Scalia indicated he was skeptical.
“The federal government is not supposed to be a government that has all powers,” Scalia said. “It's supposed to be a government of limited powers.”
He added, “What is left if the government can do this?”
The fifth Republican-appointed justice, Clarence Thomas, asked no questions, as is his practice. He has previously voted to put tight limits on Congress's power under the commerce clause.
Justice Sonia Sotomayor suggested the federal government can require people to buy insurance ahead of time “because you can't buy it at the moment you need it.”
The justices questioned Verrilli on whether Congress could force people to buy things such as food or burial insurance.
“Can the government require you to buy a cell phone” because someone may need to call for emergency fire or police help, Roberts asked.
Justice Ruth Bader Ginsburg rejected Alito's concern that healthy people would have to subsidize the sick.
“That's how insurance works,” she said. Later, she said, “People who don't participate in this market are making it much more expensive for the people who do.”
Republican Challengers
During yesterday's opening session, the justices suggested they will reject an argument that they can't consider the case until the penalty is imposed in 2015.
Obama's Republican challengers all oppose the measure and say they want to undo it. Former Pennsylvania Senator Rick Santorum appeared outside the court yesterday and attacked Mitt Romney, who signed a similar state law when he was governor of Massachusetts. Romney is the “worst person” to debate the health law with Obama, Santorum said.
The six hours of arguments spread over three days are the most the court has heard in a case in 44 years.
Tomorrow, the last day, the justices will consider what should happen to the rest of the law if they invalidate the insurance requirement. The court also will take up whether the law, by expanding the Medicaid program, unconstitutionally coerces states into spending more on health care for the poor.
The fate of the insurance requirement will turn partly on the court's interpretation of the constitutional provision that lets Congress regulate interstate commerce. The justices' opinions in previous cases only hint at how they may apply it to the insurance requirement.
The government says that every American is already part of the interstate market for health care and that the mandate requires them to get coverage to pay for treatment they'll eventually need. The challengers say Americans who fail to buy insurance can't be regulated because they aren't engaged in commerce. Congress has never before required people to purchase something, they say.
Upholding the mandate, opponents say, would mean Congress could force consumers to buy any product for the sake of stimulating the economy. Instead of providing cash incentives to buy new cars and boost the auto industry, as the government did in 2009, Congress could have required everyone above a certain income level to buy a new car, they say.

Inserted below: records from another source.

text \<open>Since \<open>X\<^sub>k = -\<sigma>\<^sub>k/2\<close> on the spin-1/2 block, the weights below satisfy
  \<open>\<Sum> c (X\<^sub>k)\<^sub>p\<^sub>q = \<delta>\<^sub>k\<^sub>l\<close>, and the weights of diagonal entries sum to zero.\<close>

definition eb_rep :: "nat \<Rightarrow> (complex \<times> nat \<times> nat) list" where
  "eb_rep l = (if l = 1 then [(\<i>,1,2),(\<i>,2,1)] else if l = 2 then [(-1,1,2),(1,2,1)] else [(\<i>,1,1),(-\<i>,2,2)])"

lemma one_form_eb_rep:
  assumes N: "N \<ge> 1" and l: "l \<in> {1,2,3}"
  shows "one_form N (entry_combo N (1\<^sub>m (dimK N)) (eb_rep l)) = eb N l"
proof (rule eq_matI)
  fix I J assume "I < dim_row (eb N l)" "J < dim_col (eb N l)"
  then have IJ: "I < hdim N" "J < hdim N" by simp_all
  have ij: "I div 2 < dimK N" "J div 2 < dimK N" using IJ by (auto simp: hdim_def)
  show "one_form N (entry_combo N (1\<^sub>m (dimK N)) (eb_rep l)) $$ (I,J) = eb N l $$ (I,J)"
    unfolding one_form_entry_combo_index[OF one_mat_AN IJ] eb_index[OF IJ]
    using l mod_2_cases[of I] mod_2_cases[of J] dimK_ge_3[OF N] ij
    by (auto simp: eb_rep_def one_form_entry_pairs_index[OF one_mat_AN IJ] Xop_corner[OF N] corner_X_def
        sigma_index pauli_def algebra_simps)
qed simp_all

lemma two_form_eb_rep:
  assumes N: "N \<ge> 1" and l: "l \<in> {1,2,3}"
  shows "two_form N (entry_combo N (1\<^sub>m (dimK N)) (eb_rep l)) = eb N l + amp ((-2) \<cdot>\<^sub>m Xop N l)"
proof (rule eq_matI)
  fix I J assume "I < dim_row (eb N l + amp ((-2) \<cdot>\<^sub>m Xop N l))" "J < dim_col (eb N l + amp ((-2) \<cdot>\<^sub>m Xop N l))"
  then have IJ: "I < hdim N" "J < hdim N" by (simp_all add: hdim_def)
  have ij: "I div 2 < dimK N" "J div 2 < dimK N" using IJ by (auto simp: hdim_def)
  have rhs: "(eb N l + amp ((-2) \<cdot>\<^sub>m Xop N l)) $$ (I,J) =
     (if I div 2 = J div 2 then pauli l (I mod 2) (J mod 2) else 0)
     + (if I mod 2 = J mod 2 then -2 * Xop N l $$ (I div 2, J div 2) else 0)"
    using IJ ij by (simp add: eb_index amp_index[where N = N])
  show "two_form N (entry_combo N (1\<^sub>m (dimK N)) (eb_rep l)) $$ (I,J) = (eb N l + amp ((-2) \<cdot>\<^sub>m Xop N l)) $$ (I,J)"
    unfolding two_form_entry_combo_index[OF one_mat_AN IJ] rhs
    using l mod_2_cases[of I] mod_2_cases[of J] dimK_ge_3[OF N] ij
    by (elim disjE insertE emptyE; simp add: eb_rep_def two_form_entry_pairs_index[OF one_mat_AN IJ]
        Xop_corner[OF N] Xop_mult_corner[OF N] corner_X_def sigma_mult_index pauli_def lessThan_nat_numeral
        del: index_mult_mat(1); (intro conjI impI)?; simp add: algebra_simps)
qed (simp_all add: hdim_def)

text \<open>The weights sum to zero and annihilate the diagonal of every \<open>X\<^sub>k\<close>, so the one-form
  vanishes; since \<open>X\<^sub>k X\<^sub>m\<close> has trace \<open>-\<delta>\<^sub>k\<^sub>m/2\<close> on the spin-1/2 block, the two-form is \<open>a\<close>.\<close>

definition amp_rep :: "(complex \<times> nat \<times> nat) list" where
  "amp_rep = [(4/3,0,0),(-2/3,1,1),(-2/3,2,2)]"

lemma one_form_amp_rep:
  assumes N: "N \<ge> 1" and a: "a \<in> AN N"
  shows "one_form N (entry_combo N a amp_rep) = 0\<^sub>m (hdim N) (hdim N)"
proof (rule eq_matI)
  fix I J assume "I < dim_row (0\<^sub>m (hdim N) (hdim N))" "J < dim_col (0\<^sub>m (hdim N) (hdim N))"
  then have IJ: "I < hdim N" "J < hdim N" by auto
  show "one_form N (entry_combo N a amp_rep) $$ (I,J) = 0\<^sub>m (hdim N) (hdim N) $$ (I,J)"
    unfolding one_form_entry_combo_index[OF a IJ] using IJ dimK_ge_3[OF N]
    by (simp add: amp_rep_def one_form_entry_pairs_index[OF a IJ] Xop_corner[OF N] corner_X_def
        pauli_def del: index_mult_mat(1); simp add: field_simps)
qed simp_all

lemma two_form_amp_rep:
  assumes N: "N \<ge> 1" and a: "a \<in> AN N"
  shows "two_form N (entry_combo N a amp_rep) = amp a"
proof (rule eq_matI)
  have a': "a \<in> carrier_mat (dimK N) (dimK N)" using a by (simp add: AN_def)
  fix I J assume "I < dim_row (amp a)" "J < dim_col (amp a)"
  then have IJ: "I < hdim N" "J < hdim N" using amp_carrier[OF a'] by auto
  show "two_form N (entry_combo N a amp_rep) $$ (I,J) = amp a $$ (I,J)"
    unfolding two_form_entry_combo_index[OF a IJ] amp_index[OF a' IJ]
    using mod_2_cases[of I] mod_2_cases[of J] dimK_ge_3[OF N]
    by (elim disjE; simp add: amp_rep_def two_form_entry_pairs_index[OF a IJ] Xop_corner[OF N]
        Xop_mult_corner[OF N] corner_X_def sigma_mult_index pauli_def lessThan_nat_numeral
        del: index_mult_mat(1); simp add: field_simps)
qed (use a in \<open>simp_all add: AN_def hdim_def\<close>)

lemma amp_in_J2:
  assumes N: "N \<ge> 1" and a: "a \<in> AN N"
  shows "amp a \<in> J2 N"
  unfolding J2_conv_two_form
  by (intro CollectI exI[of _ "entry_combo N a amp_rep"] conjI entry_combo_AN[OF a]
      two_form_amp_rep[OF N a, symmetric] one_form_amp_rep[OF N a])

lemma amp_in_Sforms: "N \<ge> 1 \<Longrightarrow> a \<in> AN N \<Longrightarrow> amp a \<in> Sforms N"
  using two_form_in_Sforms[OF entry_combo_AN, of a N amp_rep] by (simp add: two_form_amp_rep)

lemma eb_in_Omega1: "N \<ge> 1 \<Longrightarrow> l \<in> {1,2,3} \<Longrightarrow> eb N l \<in> Omega1 N"
  using one_form_in_Omega1[OF entry_combo_AN[OF one_mat_AN], of N "eb_rep l"] by (simp add: one_form_eb_rep)

lemma eb_in_Sforms:
  assumes N: "N \<ge> 1" and l: "l \<in> {1,2,3}"
  shows "eb N l \<in> Sforms N"
proof -
  have X: "c \<cdot>\<^sub>m Xop N l \<in> AN N" for c by (simp add: AN_def)
  have "eb N l = (eb N l + amp ((-2) \<cdot>\<^sub>m Xop N l)) + amp (2 \<cdot>\<^sub>m Xop N l)"
    by (rule eq_matI) (auto simp: amp_index[where N = N] hdim_def)
  moreover have "eb N l + amp ((-2) \<cdot>\<^sub>m Xop N l) \<in> Sforms N"
    using two_form_in_Sforms[OF entry_combo_AN[OF one_mat_AN], of N "eb_rep l"]
    by (simp add: two_form_eb_rep[OF N l])
  ultimately show ?thesis
    using Sforms_add[OF _ amp_in_Sforms[OF N X]] by metis
qed

section \<open>Two-forms of the shape \<open>1 \<otimes> M\<close>\<close>

definition omega_mat :: "nat \<Rightarrow> nat \<Rightarrow> complex mat" where
  "omega_mat k j = mat 2 2 (\<lambda>(a,b). - (\<Sum>l\<in>{1,2,3}. eps k j l * pauli l a b) / 2)"

lemma omega_mat_carrier [simp]: "omega_mat k j \<in> carrier_mat 2 2"
  by (simp add: omega_mat_def)

lemma omega_eq_kron2: "omega N k j = kron2 (1\<^sub>m (dimK N)) (omega_mat k j)"
proof -
  have c: "set [eps k j l \<cdot>\<^sub>m eb N l. l \<leftarrow> [1,2,3]] \<subseteq> carrier_mat (hdim N) (hdim N)" by auto
  show ?thesis
  proof (rule eq_matI)
    fix I J assume "I < dim_row (kron2 (1\<^sub>m (dimK N)) (omega_mat k j))" "J < dim_col (kron2 (1\<^sub>m (dimK N)) (omega_mat k j))"
    then have IJ: "I < hdim N" "J < hdim N" by (simp_all add: hdim_def)
    show "omega N k j $$ (I,J) = kron2 (1\<^sub>m (dimK N)) (omega_mat k j) $$ (I,J)"
      unfolding omega_def kron2_one_index[OF omega_mat_carrier IJ]
      using IJ msum_carrier[OF c] msum_index[OF c IJ] by (simp add: eb_index omega_mat_def field_simps)
  qed (use msum_carrier[OF c] in \<open>simp_all add: omega_def hdim_def\<close>)
qed
lemma uniform_newton_balls:
  fixes F :: "real^'d \<Rightarrow> real^'d"
  assumes "open Adom" and "compact P" and "P \<subseteq> Adom"
    and deriv: "\<And>x. x \<in> Adom \<Longrightarrow> (F has_derivative (\<lambda>h. F' x *v h)) (at x)"
    and "continuous_on Adom F'" and det: "\<And>x. x \<in> Adom \<Longrightarrow> det (F' x) \<noteq> 0"
  obtains m \<rho> where "m > 0" and "\<rho> > 0" and "\<And>a. a \<in> P \<Longrightarrow> newton_ball F F' Adom m a \<rho>"
proof -
  obtain r where "r > 0" and rA: "(\<Union>a\<in>P. cball a r) \<subseteq> Adom"
    using compact_subset_open_imp_cball_epsilon_subset[OF assms(2,1,3)] by blast
  define K where "K = (\<Union>a\<in>P. cball a r)"
  have "compact K" unfolding K_def by (rule compact_minkowski_sum_cball[OF \<open>compact P\<close>])
  have KA: "K \<subseteq> Adom" using rA unfolding K_def .
  have contK: "continuous_on K F'" using continuous_on_subset[OF \<open>continuous_on Adom F'\<close> KA] .
  obtain m where "m > 0" and low: "\<And>x h. x \<in> K \<Longrightarrow> m * norm h \<le> norm (F' x *v h)"
    using compact_matrix_family_bounded_below[OF \<open>compact K\<close> contK] det KA by blast
  define c where "c = real CARD('d) * real CARD('d)"
  have "c > 0" unfolding c_def by simp
  obtain d where "d > 0"
    and ucont: "\<And>x x'. x \<in> K \<Longrightarrow> x' \<in> K \<Longrightarrow> dist x' x < d \<Longrightarrow> dist (F' x') (F' x) < m / (2 * c)"
    using compact_uniformly_continuous[OF contK \<open>compact K\<close>] \<open>m > 0\<close> \<open>c > 0\<close>
    unfolding uniformly_continuous_on_def by (metis divide_pos_pos mult_pos_pos zero_less_numeral)
  define \<rho> where "\<rho> = min r (d / 3)"
  have "\<rho> > 0" unfolding \<rho>_def using \<open>r > 0\<close> \<open>d > 0\<close> by simp
  have "newton_ball F F' Adom m a \<rho>" if "a \<in> P" for a
  proof -
    have ballK: "cball a \<rho> \<subseteq> K" using that unfolding K_def \<rho>_def by force
    have "norm (F x - F a - F' z *v (x - a)) \<le> m / 2 * norm (x - a)"
      if x: "x \<in> cball a \<rho>" and z: "z \<in> cball a \<rho>" for x z
    proof (rule matrix_linearization_error_le[OF convex_cball _ x z])
      show "a \<in> cball a \<rho>" using \<open>\<rho> > 0\<close> by simp
      show "(F has_derivative (\<lambda>h. F' y *v h)) (at y within cball a \<rho>)" if "y \<in> cball a \<rho>" for y
        using deriv ballK KA that by (blast intro: has_derivative_at_withinI)
      show "real CARD('d) * real CARD('d) * norm (F' y - F' z) \<le> m / 2" if y: "y \<in> cball a \<rho>" for y
      proof -
        have "dist y z < d"
          using dist_triangle3[of y z a] y z \<open>d > 0\<close> unfolding \<rho>_def by (simp add: dist_commute)
        moreover have "y \<in> K" and "z \<in> K" using ballK y z by auto
        ultimately have "norm (F' y - F' z) < m / (2 * c)"
          using ucont by (simp add: dist_norm)
        then show ?thesis using \<open>c > 0\<close> unfolding c_def[symmetric] by (simp add: field_simps)
      qed
    qed
    then show ?thesis unfolding newton_ball_def using ballK KA low det by blast
  qed
  then show ?thesis using that \<open>m > 0\<close> \<open>\<rho> > 0\<close> by blast
qed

The Obama administration and its allies say the auto and health-care industries aren't the same. Uninsured people consumed $118 billion in health-care services in 2008 and paid only 37 percent of those costs, the administration says. Those costs are passed from care providers to insurers to policyholders, ultimately increasing the average premium for insured families by $1,000 a year, the government says.
The government also says the individual mandate will keep policy premiums in check by giving insurers millions of new, low-cost customers. Otherwise, prices would soar because the law also requires insurers to accept applicants with pre-existing conditions and charge them the same rates as other policyholders, the government says.
Of the four federal appeals courts to rule on the health-care law, two upheld it, one declared the insurance mandate unconstitutional and the fourth said the Anti-Injunction Act made a judicial review premature.